CNSearch 1.5.1
Structure
The structure and semantics of '/robots.txt" are as follows:
The file must contain one or several records separated by one or several lines (ending with CR, CR/NL, or NL). Each record must contain lines: "<field>:<optional_space><value><optional_space>".
Field <field> is register-independent.
Comments can be included in usual UNIX way: symbol '#' denotes start of a comment, end of line denotes end of a comment.
A record should start with one or more 'User-Agent' lines followed by one or more 'Disallow' lines. Unrecognized lines are ignored.
User-Agent:
- Value of this field must be the name of a search robot. Access rights for the robot are set up in this record;
- Though the standard allows indicating names of several robots, CNSearch recognizes only one, because method of separating names of robots, described in the standard, is not realized in the system.

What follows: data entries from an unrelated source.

(* Let $\varphi,\psi$ be independent random variables uniform on $[0,\pi]$, and set $(\alpha,\beta)=(\varphi,\psi)$ if $\varphi+\psi<\pi$ and $(\alpha,\beta)=(\pi-\psi,\pi-\varphi)$ if $\varphi+\psi>\pi$. Let $T$ be the triangle with vertices $A=(0,0)$, $B=(1,0)$ and \[ C=\left(\frac{\tan\beta}{\tan\alpha+\tan\beta},\frac{\tan\alpha\tan\beta}{\tan\alpha+\tan\beta}\right), \] so that $T$ has interior angles $\alpha$ at $A$ and $\beta$ at $B$. Let $a=\|B-C\|$ and $b=\|A-C\|$. Then the joint density of $(a,b)$ is \[ k(x,y)=\begin{cases}\dfrac{2}{\pi^2 x y} & \text{if } |1-x|<y<1+x \text{ and } x>0,\\ 0 & \text{otherwise,}\end{cases} \] and $a$ has marginal density $\dfrac{2}{\pi^2}\dfrac{\ln(1+x)-\ln|1-x|}{x}$ for $x>0$.
   Context: $\|\cdot\|$ is the Euclidean norm. $T$ is called a uniform triangle. *)

theory Defs
  imports "HOL-Probability.Probability"
begin

text \<open>Angles of the uniform triangle obtained from the two uniform angles phi, psi.
  The boundary case phi + psi = pi (a null event) is put in the second branch.\<close>
definition tri_angles :: "real \<Rightarrow> real \<Rightarrow> real \<times> real" where
  "tri_angles \<phi> \<psi> = (if \<phi> + \<psi> < pi then (\<phi>, \<psi>) else (pi - \<psi>, pi - \<phi>))"

definition tri_C :: "real \<Rightarrow> real \<Rightarrow> real \<times> real" where
  "tri_C \<alpha> \<beta> = (tan \<beta> / (tan \<alpha> + tan \<beta>), tan \<alpha> * tan \<beta> / (tan \<alpha> + tan \<beta>))"

definition side_a :: "real \<Rightarrow> real \<Rightarrow> real" where
  "side_a \<phi> \<psi> = dist ((1::real), (0::real)) (tri_C (fst (tri_angles \<phi> \<psi>)) (snd (tri_angles \<phi> \<psi>)))"

definition side_b :: "real \<Rightarrow> real \<Rightarrow> real" where
  "side_b \<phi> \<psi> = dist ((0::real), (0::real)) (tri_C (fst (tri_angles \<phi> \<psi>)) (snd (tri_angles \<phi> \<psi>)))"

definition joint_density :: "real \<Rightarrow> real \<Rightarrow> real" where
  "joint_density x y = (if x > 0 \<and> \<bar>1 - x\<bar> < y \<and> y < 1 + x then 2 / (pi\<^sup>2 * x * y) else 0)"

definition marginal_density_a :: "real \<Rightarrow> real" where
  "marginal_density_a x = (if x > 0 then 2 / pi\<^sup>2 * ((ln (1 + x) - ln \<bar>1 - x\<bar>) / x) else 0)"

end

(*
  The angle pair (phi, psi) is uniform on the square [0, pi]^2, and tri_angles folds the half
  phi + psi > pi onto the half phi + psi < pi by the measure-preserving reflection
  (phi, psi) |-> (pi - psi, pi - phi). Hence the angles (alpha, beta) have density 2 / pi^2 on the
  triangle alpha, beta > 0, alpha + beta < pi. By the law of sines b = sin beta / sin (alpha + beta),
  and by the law of cosines a^2 = 1 + b^2 - 2 b cos alpha. Substituting first beta |-> b, with
  db / dbeta = a^2 / sin alpha, and then alpha |-> a for fixed b, with da / dalpha = b sin alpha / a,
  turns dalpha dbeta into da db / (a b) on the pairs satisfying |1 - b| < a < 1 + b. Integrating
  1 / y over |1 - x| < y < 1 + x gives the marginal density of a.
*)

theory Submission
  imports Defs
begin

section \<open>Substitution on open intervals\<close>

lemma greaterThanLessThan_eq_UN_atLeastAtMost:
  fixes c d :: real
  assumes "c < d"
  obtains a b :: "nat \<Rightarrow> real"
  where "\<And>n. c < a n" "\<And>n. a n < b n" "\<And>n. b n < d"
    and "incseq (\<lambda>n. {a n..b n})" and "(\<Union>n. {a n..b n}) = {c<..<d}"
proof
  define e where "e n = (d - c) / (real n + 3)" for n :: nat
  have e_pos: "0 < e n" for n
    using assms by (simp add: e_def)
  have e_small: "2 * e n < d - c" for n
  proof -
    have "2 * e n = (d - c) * (2 / (real n + 3))"
      by (simp add: e_def)
    also have "\<dots> < (d - c) * 1"
      using assms by (intro mult_strict_left_mono) auto
    finally show ?thesis by simp
  qed
  show "c < c + e n" "c + e n < d - e n" "d - e n < d" for n
    using e_pos[of n] e_small[of n] by auto
  show "incseq (\<lambda>n. {c + e n..d - e n})"
  proof (rule incseq_SucI)
    fix n
    have "e (Suc n) \<le> e n"
      using assms by (auto simp: e_def intro!: divide_left_mono)
    then show "{c + e n..d - e n} \<subseteq> {c + e (Suc n)..d - e (Suc n)}" by auto
  qed
  show "(\<Union>n. {c + e n..d - e n}) = {c<..<d}"
  proof (intro equalityI subsetI)
    fix x assume "x \<in> {c<..<d}"
    define m where "m = min (x - c) (d - x)"
    have m: "0 < m"
      using \<open>x \<in> {c<..<d}\<close> by (simp add: m_def)
    obtain n :: nat where "(d - c) / m < real n"
      using reals_Archimedean2 by blast
    then have "d - c < real n * m"
      using m by (simp add: pos_divide_less_eq)
    also have "\<dots> < (real n + 3) * m"
      using m by (intro mult_strict_right_mono) auto
    finally have "e n < m"
      by (simp add: e_def divide_less_eq mult.commute)
    then have "x \<in> {c + e n..d - e n}"
      by (auto simp: m_def)
    then show "x \<in> (\<Union>n. {c + e n..d - e n})" by auto
  next
    fix x assume "x \<in> (\<Union>n. {c + e n..d - e n})"
    then obtain n where "x \<in> {c + e n..d - e n}" by blast
    with e_pos[of n] show "x \<in> {c<..<d}" by auto
  qed
qed

lemma image_atLeastAtMost_mono_continuous:
  fixes g :: "real \<Rightarrow> real"
  assumes "a \<le> b" and cont: "continuous_on {a..b} g"
    and mono: "\<And>x y. a \<le> x \<Longrightarrow> x \<le> y \<Longrightarrow> y \<le> b \<Longrightarrow> g x \<le> g y"
  shows "g ` {a..b} = {g a..g b}"
proof
  show "g ` {a..b} \<subseteq> {g a..g b}"
    using mono by auto
  show "{g a..g b} \<subseteq> g ` {a..b}"
    using IVT'[of g a _ b] assms by (force simp: image_iff)
qed

lemma borel_measurable_substitution_integrand:
  fixes f :: "real \<Rightarrow> ennreal" and g g' :: "real \<Rightarrow> real"
  assumes [measurable]: "f \<in> borel_measurable borel"
    and "continuous_on {c<..<d} g" "continuous_on {c<..<d} g'"
  shows "(\<lambda>x. f (g x) * ennreal (g' x) * indicator {c<..<d} x) \<in> borel_measurable borel"
proof -
  have [measurable]: "(\<lambda>x. if x \<in> {c<..<d} then g x else 0) \<in> borel_measurable borel"
    using assms(2) by (intro borel_measurable_continuous_on_if borel_open) auto
  have [measurable]: "(\<lambda>x. if x \<in> {c<..<d} then g' x else 0) \<in> borel_measurable borel"
    using assms(3) by (intro borel_measurable_continuous_on_if borel_open) auto
  have "(\<lambda>x. f (if x \<in> {c<..<d} then g x else 0) * ennreal (if x \<in> {c<..<d} then g' x else 0)
      * indicator {c<..<d} x) \<in> borel_measurable borel"
    by measurable
  then show ?thesis
    by (rule measurable_cong[THEN iffD1, rotated]) (simp add: indicator_def)
qed

text \<open>\<open>nn_integral_substitution_aux\<close> only covers compact intervals: exhaust \<open>{c<..<d}\<close> by an
  increasing sequence of them and pass to the limit in the measures.\<close>
lemma nn_integral_substitution_open:
  fixes f :: "real \<Rightarrow> ennreal" and g g' :: "real \<Rightarrow> real"
  assumes f[measurable]: "f \<in> borel_measurable borel" and "c < d"
    and g: "\<And>x. x \<in> {c<..<d} \<Longrightarrow> (g has_real_derivative g' x) (at x)"
    and g'_cont: "continuous_on {c<..<d} g'"
    and g'_nonneg: "\<And>x. x \<in> {c<..<d} \<Longrightarrow> 0 \<le> g' x"
  shows "(\<integral>\<^sup>+x. f (g x) * ennreal (g' x) * indicator {c<..<d} x \<partial>lborel)
       = (\<integral>\<^sup>+y. f y * indicator (g ` {c<..<d}) y \<partial>lborel)"
proof -
  obtain a b where ab: "\<And>n. c < a n" "\<And>n. a n < b n" "\<And>n. b n < d"
    and inc: "incseq (\<lambda>n. {a n..b n})" and U: "(\<Union>n. {a n..b n}) = {c<..<d}"
    using greaterThanLessThan_eq_UN_atLeastAtMost[OF \<open>c < d\<close>] by blast
  have g_cont: "continuous_on {c<..<d} g"
    using g by (rule has_real_derivative_imp_continuous_on)
  have g_mono: "g x \<le> g y" if "c < x" "x \<le> y" "y < d" for x y
    using that by (intro deriv_nonneg_imp_mono[of x y g g']) (auto intro!: g g'_nonneg)
  have img: "g ` {a n..b n} = {g (a n)..g (b n)}" for n
    using ab[of n] g_mono
    by (intro image_atLeastAtMost_mono_continuous continuous_on_subset[OF g_cont]) auto
  define h where "h x = f (g x) * ennreal (g' x) * indicator {c<..<d} x" for x
  have [measurable]: "h \<in> borel_measurable borel"
    unfolding h_def[abs_def] using g_cont g'_cont by (rule borel_measurable_substitution_integrand[OF f])
  have "(\<integral>\<^sup>+x. f (g x) * ennreal (g' x) * indicator {c<..<d} x \<partial>lborel)
      = emeasure (density lborel h) (\<Union>n. {a n..b n})"
    by (auto simp: U emeasure_density h_def indicator_def intro!: nn_integral_cong)
  also have "\<dots> = (SUP n. emeasure (density lborel h) {a n..b n})"
    using inc by (intro SUP_emeasure_incseq[symmetric]) auto
  also have "\<dots> = (SUP n. emeasure (density lborel f) (g ` {a n..b n}))"
  proof (intro SUP_cong refl)
    fix n
    have "emeasure (density lborel h) {a n..b n}
        = (\<integral>\<^sup>+x. f (g x) * ennreal (g' x) * indicator {a n..b n} x \<partial>lborel)"
      using ab[of n] by (auto simp: emeasure_density h_def indicator_def intro!: nn_integral_cong)
    also have "\<dots> = (\<integral>\<^sup>+y. f y * indicator {g (a n)..g (b n)} y \<partial>lborel)"
      using ab[of n]
      by (intro nn_integral_substitution_aux[symmetric] f)
         (auto intro!: g g'_nonneg continuous_on_subset[OF g'_cont])
    finally show "emeasure (density lborel h) {a n..b n} = emeasure (density lborel f) (g ` {a n..b n})"
      by (simp add: img emeasure_density)
  qed
  also have "\<dots> = emeasure (density lborel f) (\<Union>n. g ` {a n..b n})"
  proof (rule SUP_emeasure_incseq)
    show "incseq (\<lambda>n. g ` {a n..b n})"
      using inc by (simp add: incseq_def image_mono)
  qed (auto simp: img)
  also have "\<dots> = (\<integral>\<^sup>+y. f y * indicator (g ` {c<..<d}) y \<partial>lborel)"
    by (subst emeasure_density) (auto simp: img U[symmetric] image_UN)
  finally show ?thesis .
qed

section \<open>Side lengths of the triangle\<close>

definition tri_sides :: "real \<Rightarrow> real \<Rightarrow> real \<times> real" where
  "tri_sides \<alpha> \<beta> = (dist (1::real, 0::real) (tri_C \<alpha> \<beta>), dist (0::real, 0::real) (tri_C \<alpha> \<beta>))"

lemma side_a_side_b_eq_tri_sides:
  "(side_a \<phi> \<psi>, side_b \<phi> \<psi>) = case_prod tri_sides (tri_angles \<phi> \<psi>)"
  by (simp add: side_a_def side_b_def tri_sides_def case_prod_beta)

lemma borel_measurable_tan[measurable]: "(tan :: real \<Rightarrow> real) \<in> borel_measurable borel"
  unfolding tan_def by measurable

lemma tri_sides_measurable[measurable]:
  "case_prod tri_sides \<in> (lborel \<Otimes>\<^sub>M lborel) \<rightarrow>\<^sub>M (lborel \<Otimes>\<^sub>M lborel)"
  unfolding tri_sides_def tri_C_def case_prod_beta by measurable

- Upper or lower-case letters are equal;
- If value of this field is '*', then access rights set up in the record are valid for any search robot requested '/robots.txt' file.
Disallow:
- Value of this field must be a partial URL which should not be indexed. Path to the file must be full or partial. For example, 'Disallow: /help' denies access both to '/help.html' and '/help/index.html', while 'Disallow: /help/' denies access to '/help/index.html' only.
- Any record must contain at least one 'User-Agent' line and one 'Disallow' line.
If '/robots.txt' is empty, do not correspond to the above-mentioned structure and semantics or is missing, then search robots act according to their settings.